▶ Your goal
As soon as the line containing "(\<one>\<^bsub>A\<^esub>, True) \<in>" appears in the material below, start returning lines exactly, and end with the line containing "using group.generate_incl[OF P, of".

***** Material shown *****

(* (1) If $A$ is a finite abelian group, then $A$ has, up to isomorphism, a unique GI-extension, namely $A\rtimes C_2$ where the generator of $C_2$ acts by $a\mapsto -a$. (2) For a finite group $G$, the direct product $G\times C_2$ (with $G=G\times\{1\}$) is a GI-extension of $G$ if and only if $G$ is generated by elements of order $2$. (3) For $n\ge 2$, the symmetric group $S_n$ is a GI-extension of the alternating group $A_n$.
   Context: Given a group $G'$ with a normal subgroup $G$ of index $2$, $G'$ is called a GI-extension of $G$ if $G'$ is generated by involutions (elements of order exactly $2$) that are not contained in $G$. *)

theory Defs
  imports "HOL-Algebra.Algebra"
begin

definition GI_extension :: "('a, 'b) monoid_scheme \<Rightarrow> 'a set \<Rightarrow> bool" where
  "GI_extension Gp H \<longleftrightarrow>
     group Gp \<and> H \<lhd> Gp \<and> card (rcosets\<^bsub>Gp\<^esub> H) = 2 \<and>
     carrier Gp = generate Gp {x \<in> carrier Gp - H. group.ord Gp x = 2}"

text \<open>The semidirect product of A with C_2 (C_2 represented by bool, True = generator),
where the generator acts by inversion: (a,s)(b,t) = (a * s(b), s xor t).\<close>
definition inv_sdp :: "('a, 'b) monoid_scheme \<Rightarrow> ('a \<times> bool) monoid" where
  "inv_sdp A = \<lparr> carrier = carrier A \<times> UNIV,
     monoid.mult = (\<lambda>(a, s) (b, t). (a \<otimes>\<^bsub>A\<^esub> (if s then inv\<^bsub>A\<^esub> b else b), s \<noteq> t)),
     monoid.one = (\<one>\<^bsub>A\<^esub>, False) \<rparr>"

definition sdp_base :: "('a, 'b) monoid_scheme \<Rightarrow> ('a \<times> bool) set" where
  "sdp_base A = (\<lambda>a. (a, False)) ` carrier A"

end

theory Submission
  imports Defs
begin

text \<open>
  If \<open>N\<close> has index two in \<open>G\<close> and \<open>t \<notin> N\<close>, every element of \<open>G\<close> is \<open>n\<close> or \<open>n t\<close> with
  \<open>n \<in> N\<close>. When \<open>N\<close> is abelian and \<open>G\<close> is generated by involutions outside \<open>N\<close>, fix one
  such involution \<open>t\<close>: the elements of \<open>N\<close> inverted by conjugation with \<open>t\<close> form a subgroup
  \<open>I\<close>, and \<open>I \<union> I t\<close> is a subgroup containing every involution \<open>s \<notin> N\<close>, because
  \<open>s t \<in> N\<close> and \<open>t (s t) t = t s = (s t)\<inverse>\<close>. Hence \<open>I = N\<close>, i.e. \<open>t\<close> inverts \<open>N\<close>, and
  \<open>(a, s) \<mapsto> a t\<^sup>s\<close> is an isomorphism \<open>N \<rtimes> C\<^sub>2 \<cong> G\<close>.  Conversely every element \<open>(a, 1)\<close> of
  \<open>A \<rtimes> C\<^sub>2\<close> is an involution, so these generate.  For \<open>G \<times> C\<^sub>2\<close> the involutions outside
  \<open>G \<times> 0\<close> are the \<open>(g, 1)\<close> with \<open>g\<^sup>2 = 1\<close>; their first coordinates generate \<open>G\<close> exactly
  when the involutions of \<open>G\<close> do.  Finally \<open>S\<^sub>n\<close> is generated by transpositions, which are
  odd involutions.
\<close>

lemma (in group) ord_eq_2_iff:
  assumes "x \<in> carrier G"
  shows "ord x = 2 \<longleftrightarrow> x \<otimes> x = \<one> \<and> x \<noteq> \<one>"
proof -
  have "ord x dvd 2 \<longleftrightarrow> x \<otimes> x = \<one>"
    using pow_eq_id[OF assms, of 2] assms by (simp add: numeral_2_eq_2)
  moreover have "ord x = 2 \<longleftrightarrow> ord x dvd 2 \<and> ord x \<noteq> 1"
    using two_is_prime_nat by (auto simp: prime_nat_iff)
  ultimately show ?thesis
    using ord_eq_1[OF assms] by blast
qed

lemma (in group) generate_insert_one:
  assumes "S \<subseteq> carrier G"
  shows "generate G (insert \<one> S) = generate G S"
proof
  show "generate G (insert \<one> S) \<subseteq> generate G S"
    using generate_subgroup_incl[OF _ generate_is_subgroup[OF assms]]
    by (simp add: generate.one generate.incl subsetI)
qed (rule mono_generate, blast)

lemma carrier_integer_mod_group_2: "carrier (integer_mod_group 2) = {0, 1}"
  by (auto simp: carrier_integer_mod_group)

section \<open>Subgroups of index two\<close>

lemma (in group) index_two_proper:
  assumes H: "subgroup H G" and index: "card (rcosets H) = 2"
  shows "\<not> carrier G \<subseteq> H"
proof
  assume "carrier G \<subseteq> H"
  then have "rcosets H \<subseteq> {H}"
    unfolding RCOSETS_def using coset_join2[OF _ H] by auto
  then have "card (rcosets H) \<le> 1"
    using card_mono[of "{H}"] by fastforce
  then show False using index by simp
qed

lemma (in group) index_two_mult_inv_mem:
  assumes H: "subgroup H G" and index: "card (rcosets H) = 2"
    and x: "x \<in> carrier G - H" and y: "y \<in> carrier G - H"
  shows "x \<otimes> inv y \<in> H"
proof -
  have HG: "H \<subseteq> carrier G" using H subgroup.subset by blast
  have cosets: "{H, H #> x, H #> y} \<subseteq> rcosets H"
    using rcosetsI[OF HG] coset_mult_one[OF HG] x y by (metis DiffD1 empty_subsetI insert_subset one_closed)
  have distinct: "H #> x \<noteq> H" "H #> y \<noteq> H"
    using coset_join1[OF _ _ H] x y by blast+
  have "finite (rcosets H)"
    using index by (metis card.infinite zero_neq_numeral)
  have "H #> x = H #> y"
  proof (rule ccontr)
    assume "H #> x \<noteq> H #> y"
    with distinct have "card {H, H #> x, H #> y} = 3" by simp
    then show False
      using card_mono[OF \<open>finite (rcosets H)\<close> cosets] index by simp
  qed
  then show ?thesis
    using subgroup.rcos_module_imp[OF H is_group] rcos_self[OF _ H] x y by blast
qed

lemma GI_extension_kernel_iff:
  assumes G: "group G" and h: "h \<in> hom G (integer_mod_group 2)"
    and onto: "h ` carrier G = carrier (integer_mod_group 2)"
  shows "GI_extension G (kernel G (integer_mod_group 2) h) \<longleftrightarrow>
    carrier G = generate G {x \<in> carrier G - kernel G (integer_mod_group 2) h. group.ord G x = 2}"
proof -
  interpret group_hom G "integer_mod_group 2" h
    using G h by (simp add: group_hom_def group_hom_axioms_def)
  have "card (rcosets\<^bsub>G\<^esub> (kernel G (integer_mod_group 2) h)) = 2"
    using iso_same_card[OF FactGroup_iso[OF onto]]
    by (simp add: FactGroup_def carrier_integer_mod_group)
  then show ?thesis
    unfolding GI_extension_def using G normal_kernel by blast
qed

section \<open>Generalised dihedral groups\<close>

lemma carrier_inv_sdp [simp]: "carrier (inv_sdp A) = carrier A \<times> UNIV"
  by (simp add: inv_sdp_def)

lemma one_inv_sdp [simp]: "\<one>\<^bsub>inv_sdp A\<^esub> = (\<one>\<^bsub>A\<^esub>, False)"
  by (simp add: inv_sdp_def)

lemma mult_inv_sdp [simp]:
  "(a, s) \<otimes>\<^bsub>inv_sdp A\<^esub> (b, t) = (a \<otimes>\<^bsub>A\<^esub> (if s then inv\<^bsub>A\<^esub> b else b), s \<noteq> t)"
  by (simp add: inv_sdp_def)

lemma inv_sdp_group:
  assumes "comm_group A"
  shows "group (inv_sdp A)"
proof -
  interpret A: comm_group A by fact
  show ?thesis
  proof (rule groupI)
    fix x y z assume "x \<in> carrier (inv_sdp A)" "y \<in> carrier (inv_sdp A)" "z \<in> carrier (inv_sdp A)"
    then show "x \<otimes>\<^bsub>inv_sdp A\<^esub> y \<otimes>\<^bsub>inv_sdp A\<^esub> z = x \<otimes>\<^bsub>inv_sdp A\<^esub> (y \<otimes>\<^bsub>inv_sdp A\<^esub> z)"
      by (cases x, cases y, cases z) (auto simp: A.m_assoc A.inv_mult)
  next
    fix x assume "x \<in> carrier (inv_sdp A)"
    then obtain a s where x: "x = (a, s)" "a \<in> carrier A" by auto
    show "\<exists>y \<in> carrier (inv_sdp A). y \<otimes>\<^bsub>inv_sdp A\<^esub> x = \<one>\<^bsub>inv_sdp A\<^esub>"
      by (rule bexI[of _ "(if s then a else inv\<^bsub>A\<^esub> a, s)"]) (use x in auto)
  qed auto
qed

theorem inv_sdp_GI_extension:
  assumes "comm_group A"
  shows "GI_extension (inv_sdp A) (sdp_base A)"
proof -
  interpret A: comm_group A by fact
  let ?P = "inv_sdp A"
  let ?T = "{x \<in> carrier ?P - sdp_base A. group.ord ?P x = 2}"
  let ?q = "\<lambda>x::'a \<times> bool. if snd x then 1 else 0 :: int"
  have P: "group ?P" by (rule inv_sdp_group[OF assms])
  have q: "?q \<in> hom ?P (integer_mod_group 2)"
    by (auto simp: hom_def carrier_integer_mod_group_2)
  have q_onto: "?q ` carrier ?P = carrier (integer_mod_group 2)"
    by (force simp: carrier_integer_mod_group_2 image_iff)
  have kernel: "kernel ?P (integer_mod_group 2) ?q = sdp_base A"
    by (auto simp: kernel_def sdp_base_def)
  \<comment> \<open>Every element outside the base is an involution.\<close>
  have odd: "(a, True) \<in> generate ?P ?T" if "a \<in> carrier A" for a
    using that group.ord_eq_2_iff[OF P, of "(a, True)"]
    by (intro generate.incl) (auto simp: sdp_base_def)
  have "carrier ?P \<subseteq> generate ?P ?T"
  proof
    fix x assume "x \<in> carrier ?P"
    then obtain a s where x: "x = (a, s)" "a \<in> carrier A" by auto
    show "x \<in> generate ?P ?T"
    proof (cases s)
      case False
      have "(a, True) \<otimes>\<^bsub>?P\<^esub> (\<one>\<^bsub>A\<^esub>, True) \<in> generate ?P ?T"
        using generate.eng[OF odd[OF x(2)] odd[OF A.one_closed]] by simp
      then show ?thesis using x False by simp
    qed (use odd x in simp)
  qed
  then have "carrier ?P = generate ?P ?T"
    using group.generate_incl[OF P, of ?T] by blast
  then show ?thesis
    using GI_extension_kernel_iff[OF P q q_onto] unfolding kernel by blast
qed

definition inv_sdp_lift :: "('c, 'd) monoid_scheme \<Rightarrow> ('a \<Rightarrow> 'c) \<Rightarrow> 'c \<Rightarrow> 'a \<times> bool \<Rightarrow> 'c" where
  "inv_sdp_lift G h t = (\<lambda>(a, s). h a \<otimes>\<^bsub>G\<^esub> (if s then t else \<one>\<^bsub>G\<^esub>))"

lemma inv_sdp_lift_hom:
  assumes G: "group G" and A: "group A" and h: "h \<in> hom A G"
    and t: "t \<in> carrier G" "t \<otimes>\<^bsub>G\<^esub> t = \<one>\<^bsub>G\<^esub>"
    and inverts: "\<And>a. a \<in> carrier A \<Longrightarrow> t \<otimes>\<^bsub>G\<^esub> h a \<otimes>\<^bsub>G\<^esub> t = inv\<^bsub>G\<^esub> (h a)"
  shows "inv_sdp_lift G h t \<in> hom (inv_sdp A) G"
proof -
  interpret G: group G by fact
  interpret h: group_hom A G h
    using A G h by (simp add: group_hom_def group_hom_axioms_def)
  define \<tau> where "\<tau> s = (if s then t else \<one>\<^bsub>G\<^esub>)" for s
  have \<tau>_closed: "\<tau> s \<in> carrier G" for s
    using t by (simp add: \<tau>_def)
  have \<tau>_mult: "\<tau> s \<otimes>\<^bsub>G\<^esub> \<tau> r = \<tau> (s \<noteq> r)" for s r
    using t by (simp add: \<tau>_def)
  have \<tau>_cancel: "\<tau> s \<otimes>\<^bsub>G\<^esub> (\<tau> s \<otimes>\<^bsub>G\<^esub> x) = x" if "x \<in> carrier G" for s x
    using that \<tau>_closed \<tau>_mult[of s s] by (simp add: G.m_assoc[symmetric] \<tau>_def)
  have \<tau>_conj: "\<tau> s \<otimes>\<^bsub>G\<^esub> h b \<otimes>\<^bsub>G\<^esub> \<tau> s = h (if s then inv\<^bsub>A\<^esub> b else b)"
    if "b \<in> carrier A" for s b
    using that inverts by (simp add: \<tau>_def)
  have "h a \<otimes>\<^bsub>G\<^esub> \<tau> s \<otimes>\<^bsub>G\<^esub> (h b \<otimes>\<^bsub>G\<^esub> \<tau> r)
      = h (a \<otimes>\<^bsub>A\<^esub> (if s then inv\<^bsub>A\<^esub> b else b)) \<otimes>\<^bsub>G\<^esub> \<tau> (s \<noteq> r)"
    if "a \<in> carrier A" "b \<in> carrier A" for a b s r
  proof -
    have "h a \<otimes>\<^bsub>G\<^esub> \<tau> s \<otimes>\<^bsub>G\<^esub> (h b \<otimes>\<^bsub>G\<^esub> \<tau> r)
        = h a \<otimes>\<^bsub>G\<^esub> (\<tau> s \<otimes>\<^bsub>G\<^esub> h b \<otimes>\<^bsub>G\<^esub> \<tau> s) \<otimes>\<^bsub>G\<^esub> (\<tau> s \<otimes>\<^bsub>G\<^esub> \<tau> r)"
      using that \<tau>_closed by (simp add: G.m_assoc \<tau>_cancel)
    also have "\<dots> = h (a \<otimes>\<^bsub>A\<^esub> (if s then inv\<^bsub>A\<^esub> b else b)) \<otimes>\<^bsub>G\<^esub> \<tau> (s \<noteq> r)"
      using that by (simp add: \<tau>_conj \<tau>_mult)
    finally show ?thesis .
  qed
  then show ?thesis
    using \<tau>_closed by (auto simp: hom_def inv_sdp_lift_def \<tau>_def)
qed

*****

▶ Solution for this problem
      have "(a, True) \<otimes>\<^bsub>?P\<^esub> (\<one>\<^bsub>A\<^esub>, True) \<in> generate ?P ?T"
        using generate.eng[OF odd[OF x(2)] odd[OF A.one_closed]] by simp
      then show ?thesis using x False by simp
    qed (use odd x in simp)
  qed
  then have "carrier ?P = generate ?P ?T"
    using group.generate_incl[OF P, of ?T] by blast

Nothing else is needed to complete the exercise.